*** Opening of Supplied records ***
(* In Model B$_K$ below, assume $l\to\infty$ and $lp\to0$ as $d\to\infty$. Then for the $c$-segmentation rule with $c=d/l$, $$\mathbb{P}(w\text{ is misclassified})\to0\quad\text{as }d\to\infty.$$
   Context: Segmentation rule. Let $d,c$ be positive integers with $c\mid d$. For $x\in\mathbb{R}^d$ and $1\le j\le c$ let $x_j\in\mathbb{R}^{d/c}$ denote its $j$-th block $(x_{(j-1)d/c+1},\dots,x_{jd/c})$, so that $x=x_1\circ\cdots\circ x_c$ (concatenation). Given dictionary words $w^1,\dots,w^K\in\mathbb{R}^d$ ($w^k$ representing class $k$) and a test word $w\in\mathbb{R}^d$, for each $j$ let $U_j\in\{1,\dots,K\}$ be an index $k$ minimizing the Euclidean distance $\|w_j-w^k_j\|$ in $\mathbb{R}^{d/c}$, chosen uniformly at random among all minimizers (independently of everything else). The $c$-segmentation rule assigns to $w$ the class $\chi(w)\in\operatorname{argmax}_k\#\{j:U_j=k\}$, chosen uniformly at random among all maximizers. The case $c=1$ is the Euclidean (nearest-neighbour) rule and $c=d$ is coordinate-by-coordinate comparison. $w$ is classified correctly if $\chi(w)$ equals its true class, misclassified otherwise. Probabilities are over all random objects including tie-breaks. Model B$_K$. Let $d\ge1$, an integer $l\ge1$ with $l\mid d$, $N>0$, $p\in(0,1)$ (possibly depending on $d$) and a fixed integer $2\le K\le l+1$ be given. Split $\{1,\dots,d\}$ into the $d/l$ consecutive blocks $B_t=\{(t-1)l+1,\dots,tl\}$. Let $m_1=0\in\mathbb{R}^d$ and, for $k=2,\dots,K$, let $m_k\in\{0,1\}^d$ be such that in every block $B_t$ exactly one coordinate of $m_k$ equals $1$ and all others equal $0$, the position of this $1$ inside $B_t$ being different for different $k$. Let $Y^{(0)},Y^{(1)},\dots,Y^{(K)}$ be independent random vectors in $\mathbb{R}^d$, each with i.i.d. coordinates satisfying $\mathbb{P}(Y_i=N)=p$, $\mathbb{P}(Y_i=0)=1-p$. The dictionary words are $w^k=m_k+Y^{(k)}$ (class $k$), $k=1,\dots,K$, and the test word is $w=m_1+Y^{(0)}$ (true class 1). *)

theory Defs
  imports "HOL-Probability.Probability"
begin

text \<open>Coordinates are 0-indexed: a vector in R^d is a function nat => real,
  only the values at i < d matter. Segment j (0 <= j < c) of length s = d div c
  is the index set {j*s ..< (j+1)*s}.\<close>

definition block_dist :: "nat \<Rightarrow> nat \<Rightarrow> (nat \<Rightarrow> real) \<Rightarrow> (nat \<Rightarrow> real) \<Rightarrow> real" where
  "block_dist s j x y = sqrt (\<Sum>i\<in>{j * s ..< (j+1) * s}. (x i - y i)^2)"

definition nearest_classes ::
  "nat \<Rightarrow> nat \<Rightarrow> nat \<Rightarrow> (nat \<Rightarrow> nat \<Rightarrow> real) \<Rightarrow> (nat \<Rightarrow> real) \<Rightarrow> nat set" where
  "nearest_classes K s j dict w =
     {k\<in>{1..K}. \<forall>k'\<in>{1..K}. block_dist s j w (dict k) \<le> block_dist s j w (dict k')}"

definition votes :: "nat \<Rightarrow> (nat \<Rightarrow> nat) \<Rightarrow> nat \<Rightarrow> nat" where
  "votes c u k = card {j\<in>{..<c}. u j = k}"

definition winners :: "nat \<Rightarrow> nat \<Rightarrow> (nat \<Rightarrow> nat) \<Rightarrow> nat set" where
  "winners K c u = {k\<in>{1..K}. \<forall>k'\<in>{1..K}. votes c u k' \<le> votes c u k}"

text \<open>Distribution of the class chi(w) assigned by the c-segmentation rule
  (including both uniform tie-breaks; the U_j are independent).\<close>
definition seg_rule ::
  "nat \<Rightarrow> nat \<Rightarrow> nat \<Rightarrow> (nat \<Rightarrow> nat \<Rightarrow> real) \<Rightarrow> (nat \<Rightarrow> real) \<Rightarrow> nat pmf" where
  "seg_rule d c K dict w =
     bind_pmf (Pi_pmf {..<c} 0 (\<lambda>j. pmf_of_set (nearest_classes K (d div c) j dict w)))
              (\<lambda>u. pmf_of_set (winners K c u))"

definition modelB_means :: "nat \<Rightarrow> nat \<Rightarrow> nat \<Rightarrow> (nat \<Rightarrow> nat \<Rightarrow> real) \<Rightarrow> bool" where
  "modelB_means d l K m \<longleftrightarrow>
     (\<forall>i<d. m 1 i = 0) \<and>
     (\<forall>k\<in>{2..K}. \<forall>i<d. m k i = 0 \<or> m k i = 1) \<and>
     (\<forall>k\<in>{2..K}. \<forall>t<d div l. \<exists>!i. i \<in> {t * l ..< (t+1) * l} \<and> m k i = 1) \<and>
     (\<forall>k\<in>{2..K}. \<forall>k'\<in>{2..K}. k \<noteq> k' \<longrightarrow> (\<forall>i<d. \<not> (m k i = 1 \<and> m k' i = 1)))"

definition noise_pmf :: "nat \<Rightarrow> real \<Rightarrow> real \<Rightarrow> (nat \<Rightarrow> real) pmf" where
  "noise_pmf d N p = Pi_pmf {..<d} 0 (\<lambda>_. map_pmf (\<lambda>b. if b then N else 0) (bernoulli_pmf p))"

text \<open>Misclassification probability in Model B_K for the c-segmentation rule:
  Y 0, ..., Y K independent; dictionary words m k + Y k; test word m 1 + Y 0 (true class 1).\<close>
definition modelB_error ::
  "nat \<Rightarrow> real \<Rightarrow> real \<Rightarrow> nat \<Rightarrow> (nat \<Rightarrow> nat \<Rightarrow> real) \<Rightarrow> nat \<Rightarrow> real" where
  "modelB_error d N p K m c = measure_pmf.prob
     (bind_pmf (Pi_pmf {..K} (\<lambda>_. 0) (\<lambda>_. noise_pmf d N p))
        (\<lambda>Y. seg_rule d c K (\<lambda>k i. m k i + Y k i) (\<lambda>i. m 1 i + Y 0 i)))
     {k. k \<noteq> 1}"

end

theory Submission
  imports Defs
begin

text \<open>Call a block of c = d / l clean if all K + 1 noise vectors vanish on it. On a clean block
  the test word equals the class-1 word, while every other class word carries a 1 there, so
  class 1 is the unique nearest class. If more than half of the blocks are clean, class 1 wins
  the vote outright. A block is noisy with probability at most (K + 1) l p by the union bound,
  so by Markov's inequality at least half the blocks are noisy with probability at most
  2 (K + 1) l p, which tends to 0.\<close>

lemma nearest_classes_nonempty:
  assumes "1 \<le> K"
  shows "nearest_classes K s j dict w \<noteq> {}"
proof -
  define f where "f k = block_dist s j w (dict k)" for k
  have "Min (f ` {1..K}) \<in> f ` {1..K}"
    using assms by (intro Min_in) auto
  then obtain k where "k \<in> {1..K}" "f k = Min (f ` {1..K})"
    by auto
  then show ?thesis
    unfolding nearest_classes_def f_def[symmetric] by auto
qed

lemma winners_eq_singleton_of_majority:
  assumes k: "k \<in> {1..K}" and C: "C \<subseteq> {..<c}" "c < 2 * card C"
    and u: "\<forall>t\<in>C. u t = k"
  shows "winners K c u = {k}"
proof -
  have beats: "votes c u k' < votes c u k" if "k' \<noteq> k" for k'
  proof -
    have "votes c u k' \<le> card ({..<c} - C)"
      unfolding votes_def using u that by (intro card_mono) auto
    also have "\<dots> = c - card C"
      using C by (simp add: card_Diff_subset finite_subset)
    also have "\<dots> < card C"
      using C(2) by linarith
    also have "\<dots> \<le> votes c u k"
      unfolding votes_def using C u by (intro card_mono) auto
    finally show ?thesis .
  qed
  have le: "votes c u k' \<le> votes c u k" for k'
    using beats by (cases "k' = k") (auto intro: less_imp_le)
  have "x \<in> winners K c u \<longleftrightarrow> x = k" for x
  proof
    assume "x \<in> winners K c u"
    then have "votes c u k \<le> votes c u x"
      using k unfolding winners_def by blast
    then show "x = k"
      using beats[of x] by (meson leD)
  next
    assume "x = k"
    then show "x \<in> winners K c u"
      using k le unfolding winners_def by blast
  qed
  then show ?thesis
    by blast
qed

lemma seg_rule_eq_return_of_majority:
  assumes k: "k \<in> {1..K}" and C: "C \<subseteq> {..<c}" "c < 2 * card C"
    and nearest: "\<forall>t\<in>C. nearest_classes K (d div c) t dict w = {k}"
  shows "seg_rule d c K dict w = return_pmf k"
proof -
  have "pmf_of_set (winners K c u) = return_pmf k"
    if u: "u \<in> set_pmf (Pi_pmf {..<c} 0 (\<lambda>t. pmf_of_set (nearest_classes K (d div c) t dict w)))"
    for u
  proof -
    have "1 \<le> K" using k by simp
    then have "u t \<in> nearest_classes K (d div c) t dict w" if "t < c" for t
      using u that nearest_classes_nonempty
      by (auto simp: set_Pi_pmf PiE_dflt_def nearest_classes_def)
    then have "\<forall>t\<in>C. u t = k"
      using C nearest by auto
    then show ?thesis
      using winners_eq_singleton_of_majority[OF k C] by (simp add: pmf_of_set_singleton)
  qed
  then show ?thesis
    unfolding seg_rule_def by (simp cong: bind_pmf_cong)
qed

lemma block_dist_nonneg: "0 \<le> block_dist s j x y"
  unfolding block_dist_def by (simp add: sum_nonneg)

lemma block_dist_eq_0:
  assumes "\<forall>i\<in>{j * s ..< (j+1) * s}. x i = y i"
  shows "block_dist s j x y = 0"
  using assms unfolding block_dist_def by simp

lemma block_dist_pos:
  assumes "i \<in> {j * s ..< (j+1) * s}" "x i \<noteq> y i"
  shows "0 < block_dist s j x y"
proof -
  have "0 < (x i - y i)^2"
    using assms(2) by simp
  also have "\<dots> \<le> (\<Sum>i\<in>{j * s ..< (j+1) * s}. (x i - y i)^2)"
    using assms(1) by (intro member_le_sum) auto
  finally show ?thesis
    unfolding block_dist_def by simp
qed

lemma nearest_classes_eq_singleton:
  assumes k: "k \<in> {1..K}" and dist_k: "block_dist s j w (dict k) = 0"
    and dist_other: "\<forall>k'\<in>{1..K} - {k}. 0 < block_dist s j w (dict k')"
  shows "nearest_classes K s j dict w = {k}"
proof -
  have "k' \<notin> nearest_classes K s j dict w" if "k' \<noteq> k" for k'
  proof
    assume "k' \<in> nearest_classes K s j dict w"
    then have "k' \<in> {1..K}" "block_dist s j w (dict k') \<le> block_dist s j w (dict k)"
      using k unfolding nearest_classes_def by auto
    moreover have "0 < block_dist s j w (dict k')"
      using dist_other that \<open>k' \<in> {1..K}\<close> by blast
    ultimately show False
      using dist_k by linarith
  qed
  moreover have "k \<in> nearest_classes K s j dict w"
    using k dist_k block_dist_nonneg unfolding nearest_classes_def by simp
  ultimately show ?thesis by blast
qed

lemma block_subset_lessThan:
  fixes d l t :: nat
  assumes "t < d div l"
  shows "{t * l ..< (t+1) * l} \<subseteq> {..<d}"
proof -
  have "(t+1) * l \<le> (d div l) * l"
    using assms by (intro mult_right_mono) auto
  also have "\<dots> \<le> d"
    by (rule div_times_less_eq_dividend)
  finally show ?thesis by auto
qed

lemma nearest_classes_clean_block:
  assumes mm: "modelB_means d l K m" and t: "t < d div l" and K: "1 \<le> K"
    and Y: "\<forall>k\<le>K. \<forall>i\<in>{t * l ..< (t+1) * l}. Y k i = 0"
  shows "nearest_classes K l t (\<lambda>k i. m k i + Y k i) (\<lambda>i. m 1 i + Y 0 i) = {1}"
proof (rule nearest_classes_eq_singleton)
  show "block_dist l t (\<lambda>i. m 1 i + Y 0 i) (\<lambda>i. m 1 i + Y 1 i) = 0"
    using Y K by (intro block_dist_eq_0) simp
  show "\<forall>k\<in>{1..K} - {1}. 0 < block_dist l t (\<lambda>i. m 1 i + Y 0 i) (\<lambda>i. m k i + Y k i)"
  proof
    fix k assume k: "k \<in> {1..K} - {1}"
    then have "\<exists>!i. i \<in> {t * l ..< (t+1) * l} \<and> m k i = 1"
      using mm t unfolding modelB_means_def by simp
    then obtain i where i: "i \<in> {t * l ..< (t+1) * l}" "m k i = 1"
      by blast
    moreover have "m 1 i = 0"
      using mm i(1) block_subset_lessThan[OF t] unfolding modelB_means_def by auto
    ultimately show "0 < block_dist l t (\<lambda>i. m 1 i + Y 0 i) (\<lambda>i. m k i + Y k i)"
      using Y k by (intro block_dist_pos[OF i(1)]) simp
  qed
qed (use K in simp)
*** Close of Supplied records ***
Try it:
Gather up, from the records above, each line where the word "finally" appears.

Written response:
    finally show ?thesis .
  finally show ?thesis
  finally show ?thesis by auto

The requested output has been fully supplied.